Let’s play some catchup.
2020 began with all the musical anticipation of a new year and fresh decade. Then, when COVID-19 initially struck the States, music became an afterthought as we watched major albums delayed and highly anticipated tours postponed into oblivion. Then music became a lifeline as we huddled indoors and waited for the world to end. We listened to “quarantine albums,” found comfort in online fireside or bathtub sessions, and began marking Instagram shows on our calendars as if they were actual concerts. Then, the George Floyd murder shook the world, and we needed music to cry to, to scream to, and, most importantly, to march and protest to. In recent weeks, as more of our economy has reopened (and virus cases have spiked), we’ve begun to get the first glimpses of what the music industry — or what’s left of it — might look like after the pandemic.
And we’ve only just crossed the halfway point of 2020.

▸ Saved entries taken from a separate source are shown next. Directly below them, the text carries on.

definition proj_kernel :: "'a::ring_1 set set \<Rightarrow> 'a set \<Rightarrow> ('a set \<Rightarrow> 'a set) set" where
  "proj_kernel B M = {c \<in> completion_carrier B. proj M c = coset_of M 0}"

definition left_ideal :: "('r, 'm) ring_scheme \<Rightarrow> 'r set \<Rightarrow> bool" where
  "left_ideal R L \<longleftrightarrow> L \<subseteq> carrier R \<and> \<zero>\<^bsub>R\<^esub> \<in> L \<and>
     (\<forall>x\<in>L. \<forall>y\<in>L. x \<oplus>\<^bsub>R\<^esub> y \<in> L) \<and> (\<forall>x\<in>L. \<ominus>\<^bsub>R\<^esub> x \<in> L) \<and>
     (\<forall>a\<in>carrier R. \<forall>x\<in>L. a \<otimes>\<^bsub>R\<^esub> x \<in> L)"

definition maximal_left_ideal :: "('r, 'm) ring_scheme \<Rightarrow> 'r set \<Rightarrow> bool" where
  "maximal_left_ideal R L \<longleftrightarrow> left_ideal R L \<and> L \<noteq> carrier R \<and>
     (\<forall>J. left_ideal R J \<and> L \<subseteq> J \<longrightarrow> J = L \<or> J = carrier R)"

definition jacobson_radical :: "('r, 'm) ring_scheme \<Rightarrow> 'r set" where
  "jacobson_radical R = carrier R \<inter> \<Inter> {L. maximal_left_ideal R L}"

end

theory Submission
  imports Defs
begin

text \<open>
  Represent an element of the completion by a compatible family of representatives \<open>f I\<close>,
  \<open>I \<in> W(B)\<close>, and use that \<open>x\<close> lies in the Jacobson radical iff \<open>1 - a x\<close> is left
  invertible for every \<open>a\<close>.

  If \<open>f M \<in> M\<close> for all \<open>M \<in> B\<close>, then for \<open>I = M\<^sub>1 \<cdots> M\<^sub>k\<close> compatibility puts \<open>f I\<close>
  into every \<open>M\<^sub>i\<close>, so \<open>(f I)\<^sup>k \<in> I\<close>; hence \<open>1 - a f\<close> is inverted componentwise by a
  finite geometric series, and \<open>f\<close> is in the radical. Conversely, if \<open>c\<close> is in the radical
  but \<open>c\<^sub>M \<notin> M\<close>, maximality of \<open>M\<close> gives \<open>1 = m + \<Sum> x\<^sub>i c\<^sub>M y\<^sub>i\<close> with \<open>m \<in> M\<close>. Since the
  radical is a two-sided ideal, \<open>z = \<Sum> x\<^sub>i c y\<^sub>i\<close> lies in it, so \<open>1 - z\<close> has a left inverse;
  but the \<open>M\<close>-component of \<open>1 - z\<close> is \<open>m \<in> M\<close>, forcing \<open>1 \<in> M\<close>.
\<close>

section \<open>Two-sided ideals\<close>

lemma two_sided_ideal_UNIV: "two_sided_ideal (UNIV :: 'a::ring_1 set)"
  by (simp add: two_sided_ideal_def)

context
  fixes I :: "'a::ring_1 set"
  assumes I: "two_sided_ideal I"
begin

lemma two_sided_ideal_zero: "0 \<in> I"
  using I unfolding two_sided_ideal_def by blast

lemma two_sided_ideal_add: "x \<in> I \<Longrightarrow> y \<in> I \<Longrightarrow> x + y \<in> I"
  using I unfolding two_sided_ideal_def by blast

lemma two_sided_ideal_uminus: "x \<in> I \<Longrightarrow> - x \<in> I"
  using I unfolding two_sided_ideal_def by blast

lemma two_sided_ideal_diff: "x \<in> I \<Longrightarrow> y \<in> I \<Longrightarrow> x - y \<in> I"
  using two_sided_ideal_add two_sided_ideal_uminus by (metis diff_conv_add_uminus)

lemma two_sided_ideal_mult_left: "x \<in> I \<Longrightarrow> a * x \<in> I"
  using I unfolding two_sided_ideal_def by blast

lemma two_sided_ideal_mult_right: "x \<in> I \<Longrightarrow> x * a \<in> I"
  using I unfolding two_sided_ideal_def by blast

lemma two_sided_ideal_sum: "(\<And>i. i < (n::nat) \<Longrightarrow> f i \<in> I) \<Longrightarrow> (\<Sum>i<n. f i) \<in> I"
  by (induction n) (auto simp: two_sided_ideal_zero two_sided_ideal_add)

That’s some heavy lifting that music has done, and maybe that’s why, as we enjoy the few breaths of fresh air (through our masks, of course) we have left before we all have to go back to our bunkers, it feels good to hear a handful of songs that remind us that it’s summer and that it’s okay to, well, feel good. Yes, life sucks, our country is a laughingstock run by a sociopath, we’ve lost loved ones (and will lose more), racial injustice remains as ugly as ever, and we’re all about five dollars away from being broke, but somehow we’re still here, and for a moment, at least for the duration of a song, that might be enough to warrant a nod, a smile, and a head bop.
If you’re in need of feeling good, singer-songwriter Bea Kristi (bka beabadoobee) has your back. The 20-year-old went from being a young talent with a handful of singles and EPs to her name to a viral star when Powfu sampled Kristi’s song “Coffee” on his single “Death Bed (Coffee for Your Head)”, which blew up on TikTok earlier this year. For those (like myself) who are too old to make much sense of TikTok, beabadoobee’s latest single, “Care”, will be the song that has you absolutely clamoring for the rest of her studio debut, Fake It Flowers, which should be in our hands sometime this year. “Care” will draw Kristi lazy comparisons to artists like Snail Mail and Jay Som purely due to her age, but those comparisons aren’t entirely without merit. The single glows and begs for re-listens, already as addictive an indie rock track as we’ve heard in 2020, with hooks for days and an irresistible mix of sweetness and dismissal imbued in lines like “I don’t want your sympathy/ Stop saying you give a shit.” After a year as tumultuous as 2020 has been, there’s something appealing about a throwback rock song about being misunderstood and treated like an afterthought.
Yeah, we’ll take that right about now.